(* Let $\lambda>1$, $b>0$, $a\in\mathbb{R}$ and consider $$x_{n+1}=x_{n-1}^{\lambda}e^{a-bx_n-x_{n-1}},\qquad n\ge1,$$ with non-negative initial values $x_0,x_1$. (a) Every non-negative solution converges to $0$ if and only if $a<(\lambda-1)[1-\ln(\lambda-1)]$. (b) If $(\lambda-1)[1-\ln(\lambda-1)]<a<(\lambda-1)[1-\ln(\lambda-1)+\ln(b+1)]$, then the equation has no positive fixed points, but it has solutions with all terms positive that do not converge to $0$. (c) Assume $b\le\frac{\lambda-1}{\lambda}e^{1/(\lambda-1)}-1$ and $(\lambda-1)[1-\ln(\lambda-1)+\ln(b+1)]\le a\le\lambda-(\lambda-1)\ln\lambda$, and let $x^*$ be the smallest positive fixed point of the equation (i.e. the smallest positive solution of $x=x^\lambda e^{a-(b+1)x}$). Then there are initial values $x_0,x_1\in(0,x^* )$ whose solution is positive and does not converge to $0$. (d) Under the hypotheses of (c), for every initial pair $(x_0,x_1)\in([x^*,\lambda]\times[0,x^*])\cup([0,x^*]\times[x^*,\lambda])$ the corresponding solution does not converge to $0$.
   Context: A fixed point of the equation is a positive number $x$ with $x=x^{\lambda}e^{a-(b+1)x}$. *)

theory Defs
  imports Complex_Main
begin

fun sol :: "real \<Rightarrow> real \<Rightarrow> real \<Rightarrow> real \<Rightarrow> real \<Rightarrow> nat \<Rightarrow> real" where
  "sol lam a b x0 x1 0 = x0"
| "sol lam a b x0 x1 (Suc 0) = x1"
| "sol lam a b x0 x1 (Suc (Suc n)) =
     (sol lam a b x0 x1 n) powr lam * exp (a - b * sol lam a b x0 x1 (Suc n) - sol lam a b x0 x1 n)"

definition fixed_pt :: "real \<Rightarrow> real \<Rightarrow> real \<Rightarrow> real \<Rightarrow> bool" where
  "fixed_pt lam a b x \<longleftrightarrow> x > 0 \<and> x = x powr lam * exp (a - (b + 1) * x)"

end

theory Submission
  imports Defs
begin

text \<open>Everything rests on the inequality \<open>l ln u - u \<le> l ln l - l\<close> (from \<open>ln t \<le> t - 1\<close>), i.e. on
  the shape of \<open>u \<mapsto> u powr l * exp (c - u)\<close>. Below the threshold
  \<open>T = (lam - 1) (1 - ln (lam - 1))\<close> it gives \<open>x (n + 2) \<le> exp (a - T) x n\<close>, so every solution
  decays geometrically; applied at \<open>(b + 1) x\<close> it excludes positive fixed points in (b); at
  \<open>a = T\<close> the pair \<open>(lam - 1, 0)\<close> is a 2-cycle. Above \<open>T\<close> a
  shooting argument applies: with \<open>x1 = e\<close> small the odd terms stay below \<open>e\<close>, and as \<open>x0\<close> runs
  through \<open>[e, lam - 1]\<close> the even terms leave the strip \<open>[e, lam - 1]\<close> downwards at one end and
  upwards at the other; the open sets of parameters leaving on either side cannot cover the
  interval, and a remaining parameter has its even subsequence trapped in the strip.
  For (c) and (d), the union of the rectangles \<open>[x*, lam] \<times> [0, x*]\<close> and \<open>[0, x*] \<times> [x*, lam]\<close>
  is invariant under \<open>(x (n - 1), x n) \<mapsto> (x n, x (n + 1))\<close>, so one of any two consecutive terms
  is at least \<open>x*\<close>; a start just below \<open>x*\<close> with \<open>x1 = x* / 2\<close> enters it after one step.\<close>

lemma not_tendsto_zero_if_frequently_ge:
  fixes f :: "nat \<Rightarrow> real"
  assumes "0 < d" "frequently (\<lambda>n. d \<le> f n) sequentially"
  shows "\<not> f \<longlonglongrightarrow> 0"
proof
  assume "f \<longlonglongrightarrow> 0"
  then have "eventually (\<lambda>n. f n < d) sequentially"
    using assms(1) by (rule order_tendstoD)
  then have "eventually (\<lambda>n. \<not> d \<le> f n) sequentially"
    by (rule eventually_mono) simp
  with assms(2) show False
    by (simp add: frequently_def)
qed

lemma tendsto_zero_if_two_step_contraction:
  fixes f :: "nat \<Rightarrow> real"
  assumes "0 < c" "c < 1" "\<And>n. 0 \<le> f n" "\<And>n. f (Suc (Suc n)) \<le> c * f n"
  shows "f \<longlonglongrightarrow> 0"
proof -
  define r where "r = sqrt c"
  have r: "0 < r" "r < 1" "r\<^sup>2 = c"
    using assms by (simp_all add: r_def)
  define M where "M = max (f 0) (f 1 / r)"
  have bound: "f n \<le> r ^ n * M" for n
  proof (induction n rule: induct_nat_012)
    case 0
    then show ?case by (simp add: M_def)
  next
    case 1
    have "f 1 = r * (f 1 / r)"
      using r by simp
    also have "\<dots> \<le> r * M"
      using r by (intro mult_left_mono) (auto simp: M_def)
    finally show ?case by simp
  next
    case (ge2 n)
    have "f (Suc (Suc n)) \<le> c * (r ^ n * M)"
      using assms ge2(1) by (meson mult_left_mono order.trans less_imp_le)
    also have "c * (r ^ n * M) = r ^ Suc (Suc n) * M"
      unfolding r(3)[symmetric] by (simp add: power2_eq_square mult_ac)
    finally show ?case .
  qed
  have "(\<lambda>n. r ^ n * M) \<longlonglongrightarrow> 0"
    using r by (intro tendsto_mult_left_zero LIMSEQ_power_zero) simp
  moreover have "eventually (\<lambda>n. 0 \<le> f n) sequentially" "eventually (\<lambda>n. f n \<le> r ^ n * M) sequentially"
    using assms(3) bound by simp_all
  ultimately show ?thesis
    by (intro tendsto_sandwich[of "\<lambda>_. 0" f sequentially "\<lambda>n. r ^ n * M"]) simp_all
qed

definition exits_below :: "(nat \<Rightarrow> real) \<Rightarrow> real \<Rightarrow> real \<Rightarrow> bool" where
  "exits_below s lo hi \<longleftrightarrow> (\<exists>k. s k < lo \<and> (\<forall>j<k. s j < hi))"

______________________________

What is being asked
List each line in the listing that contains the string "sequentially".

Solved problem
  assumes "0 < d" "frequently (\<lambda>n. d \<le> f n) sequentially"
  then have "eventually (\<lambda>n. f n < d) sequentially"
  then have "eventually (\<lambda>n. \<not> d \<le> f n) sequentially"
  moreover have "eventually (\<lambda>n. 0 \<le> f n) sequentially" "eventually (\<lambda>n. f n \<le> r ^ n * M) sequentially"
    by (intro tendsto_sandwich[of "\<lambda>_. 0" f sequentially "\<lambda>n. r ^ n * M"]) simp_all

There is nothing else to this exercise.